╭─ Extracted information

lemma RB_solution_balanced_power_laws:
  assumes RB: "RB_solution n \<rho> g J" and "1 \<le> n"
    and bal0: "\<forall>i\<in>{1..n}. g i 0 * g (n + i) 0 = g 1 0 * g (1 + n) 0"
    and c: "real n + 2 - real n * \<rho> \<noteq> 0"
    and b: "b = (real n + 2 - real n * \<rho>) * g (2*n+1) 0 / (g 1 0 * g (1 + n) 0)"
    and "t \<in> J" "0 < 1 + b * t"
  shows "\<forall>j\<in>{1..2*n}.
      g j t = g j 0 * (1 + b * t) powr ((1 - real n * \<rho>) / (real n + 2 - real n * \<rho>))"
    and "g (2*n+1) t
      = g (2*n+1) 0 * (1 + b * t) powr ((real n + real n * \<rho>) / (real n * \<rho> - real n - 2))"
proof -
  let ?c = "real n + 2 - real n * \<rho>"
  let ?P = "\<lambda>s. g 1 s * g (n+1) s"
  let ?N = "g (2*n+1)"
  define K where "K = J \<inter> {s. 0 < 1 + b * s}"
  have K: "is_interval K" "0 \<in> K" "t \<in> K" and KJ: "K \<subseteq> J"
    and K_pos: "\<And>s. s \<in> K \<Longrightarrow> 0 < 1 + b * s"
    using RB_solution_interval[OF RB] is_interval_affine_pos \<open>t \<in> J\<close> \<open>0 < 1 + b * t\<close>
    unfolding K_def by (auto intro: is_interval_Int)
  have one: "1 \<in> {1..n}"
    using \<open>1 \<le> n\<close> by auto
  have bal: "\<And>i s. i \<in> {1..n} \<Longrightarrow> s \<in> J \<Longrightarrow> g i s * g (n+i) s = ?P s"
    using RB_solution_prod_eq[OF RB _ one] bal0 by (simp add: add.commute)
  have rate: "?N s / ?P s = b / (?c * (1 + b * s))" if "s \<in> K" for s
    using RB_solution_top_over_prod_balanced[OF RB \<open>1 \<le> n\<close> bal c b[unfolded add.commute[of 1 n]]]
      that KJ K_pos by auto
  show "\<forall>j\<in>{1..2*n}. g j t = g j 0 * (1 + b * t) powr ((1 - real n * \<rho>) / ?c)"
  proof
    fix j assume j: "j \<in> {1..2*n}"
    show "g j t = g j 0 * (1 + b * t) powr ((1 - real n * \<rho>) / ?c)"
    proof (rule power_law_of_deriv[OF K K_pos])
      fix s assume s: "s \<in> K"
      then have "s \<in> J"
        using KJ by auto
      have "(1 - real n * \<rho>) * (?N s / ?P s) * g j s
          = (1 - real n * \<rho>) / ?c * b / (1 + b * s) * g j s"
        unfolding rate[OF s] by simp
      with DERIV_subset[OF RB_solution_deriv_balanced[OF RB \<open>s \<in> J\<close> j bal[OF _ \<open>s \<in> J\<close>]] KJ]
      show "(g j has_real_derivative (1 - real n * \<rho>) / ?c * b / (1 + b * s) * g j s)
          (at s within K)"
        by (rule DERIV_cong)
    qed
  qed
  have expo: "(real n + real n * \<rho>) / (real n * \<rho> - real n - 2) = - (1 + \<rho>) * real n / ?c"
  proof -
    have "real n * \<rho> - real n - 2 \<noteq> 0"
      using c by simp
    with c show ?thesis
      by (simp add: field_simps)
  qed
  show "?N t = ?N 0 * (1 + b * t) powr ((real n + real n * \<rho>) / (real n * \<rho> - real n - 2))"
    unfolding expo
  proof (rule power_law_of_deriv[OF K K_pos])
    fix s assume s: "s \<in> K"
    then have "s \<in> J"
      using KJ by auto
    have "- (1 + \<rho>) * real n * (?N s / ?P s) * ?N s
        = - (1 + \<rho>) * real n / ?c * b / (1 + b * s) * ?N s"
      unfolding rate[OF s] by simp
    with DERIV_subset[OF RB_solution_deriv_top_balanced[OF RB \<open>s \<in> J\<close> bal[OF _ \<open>s \<in> J\<close>]] KJ]
    show "(?N has_real_derivative - (1 + \<rho>) * real n / ?c * b / (1 + b * s) * ?N s) (at s within K)"
      by (rule DERIV_cong)
  qed
qed
(* Let $T_0$ be an IET satisfying the BC Condition and let $\omega\in E_{cs}(T_0)$. Then for every $x\in[0,1]$ there exists a sequence $(m_k)_{k\in\mathbb Z}$ of integers with $|m_k|\to\infty$ as $|k|\to\infty$ such that $$\sup_{k\in\mathbb Z}\big|S^{T_0}_{m_k}f_{T_0,\omega}(x)\big|<+\infty.$$
   Context: IETs are on $[0,1)$ with $d\ge 2$ intervals $I_\alpha$ labelled by $\mathcal A$. For $\omega\in\mathbb R^{\mathcal A}$, let $f_{T_0,\omega}(x)=\omega_\alpha$ for $x\in I_\alpha$. Birkhoff sums are defined by - $S_nf=\sum_{j=0}^{n-1}f\circ T_0^j$ for $n>0$, - $S_0f=0$, - $S_nf=\sum_{j=n}^{-1}f\circ T_0^{j}$ for $n<0$. Rauzy–Veech/Zorich induction gives nested intervals $I^{(n)}$, return times $q^{(n)}_\alpha$ and incidence (height cocycle) matrices $Z_{m,n}\in SL(d,\mathbb Z)$. Here $(Z_{m,n})_{\alpha\beta}$ counts the visits to $I^{(m)}_\beta$ of an orbit starting in $I^{(n)}_\alpha$ before it returns to $I^{(n)}$. $E_s(T_0)\subset E_{cs}(T_0)$ are the Oseledets subspaces of negative, respectively nonpositive, Lyapunov exponents of $Z$ over the Zorich map. $\gamma(T_0)$ is $\infty$-complete if each symbol is a winner infinitely often in the Rauzy path. BC Condition: $T_0$ satisfies Keane's condition, is Oseledets generic, $\gamma(T_0)$ is $\infty$-complete, and there is a sequence $(n_k)$ such that: (i) there exist $N\in\mathbb N$ and $K>0$ with $1\le (Z_{n_k,n_k+N})_{\alpha\beta}\le K$ for all $\alpha,\beta$ and all $k$; (ii) there exists $V>0$ with $\|Z_{0,n_k}|_{E_{cs}(T_0)}\|\le V$ for all $k$. *)

theory Defs
  imports "HOL-Analysis.Analysis"
begin

text \<open>Combinatorial/length data of an IET on an alphabet 'a (finite type).
  pt, pb : positions of the symbols in the top / bottom row (0-based),
  lam : lengths.  The IET lives on [0, sum lam).\<close>

type_synonym ('a) iet_data = "('a \<Rightarrow> nat) \<times> ('a \<Rightarrow> nat) \<times> ('a \<Rightarrow> real)"

definition valid_iet :: "('a::finite \<Rightarrow> nat) \<Rightarrow> ('a \<Rightarrow> nat) \<Rightarrow> ('a \<Rightarrow> real) \<Rightarrow> bool" where
  "valid_iet pt pb lam \<longleftrightarrow> CARD('a) \<ge> 2 \<and>
     bij_betw pt UNIV {..<CARD('a)} \<and> bij_betw pb UNIV {..<CARD('a)} \<and>
     (\<forall>a. lam a > 0) \<and> sum lam UNIV = 1"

╰─

Requirement: Repeat exactly the lines of the data from the first one through the line with "define K where", both of them included.

Result of this task:
lemma RB_solution_balanced_power_laws:
  assumes RB: "RB_solution n \<rho> g J" and "1 \<le> n"
    and bal0: "\<forall>i\<in>{1..n}. g i 0 * g (n + i) 0 = g 1 0 * g (1 + n) 0"
    and c: "real n + 2 - real n * \<rho> \<noteq> 0"
    and b: "b = (real n + 2 - real n * \<rho>) * g (2*n+1) 0 / (g 1 0 * g (1 + n) 0)"
    and "t \<in> J" "0 < 1 + b * t"
  shows "\<forall>j\<in>{1..2*n}.
      g j t = g j 0 * (1 + b * t) powr ((1 - real n * \<rho>) / (real n + 2 - real n * \<rho>))"
    and "g (2*n+1) t
      = g (2*n+1) 0 * (1 + b * t) powr ((real n + real n * \<rho>) / (real n * \<rho> - real n - 2))"
proof -
  let ?c = "real n + 2 - real n * \<rho>"
  let ?P = "\<lambda>s. g 1 s * g (n+1) s"
  let ?N = "g (2*n+1)"
  define K where "K = J \<inter> {s. 0 < 1 + b * s}"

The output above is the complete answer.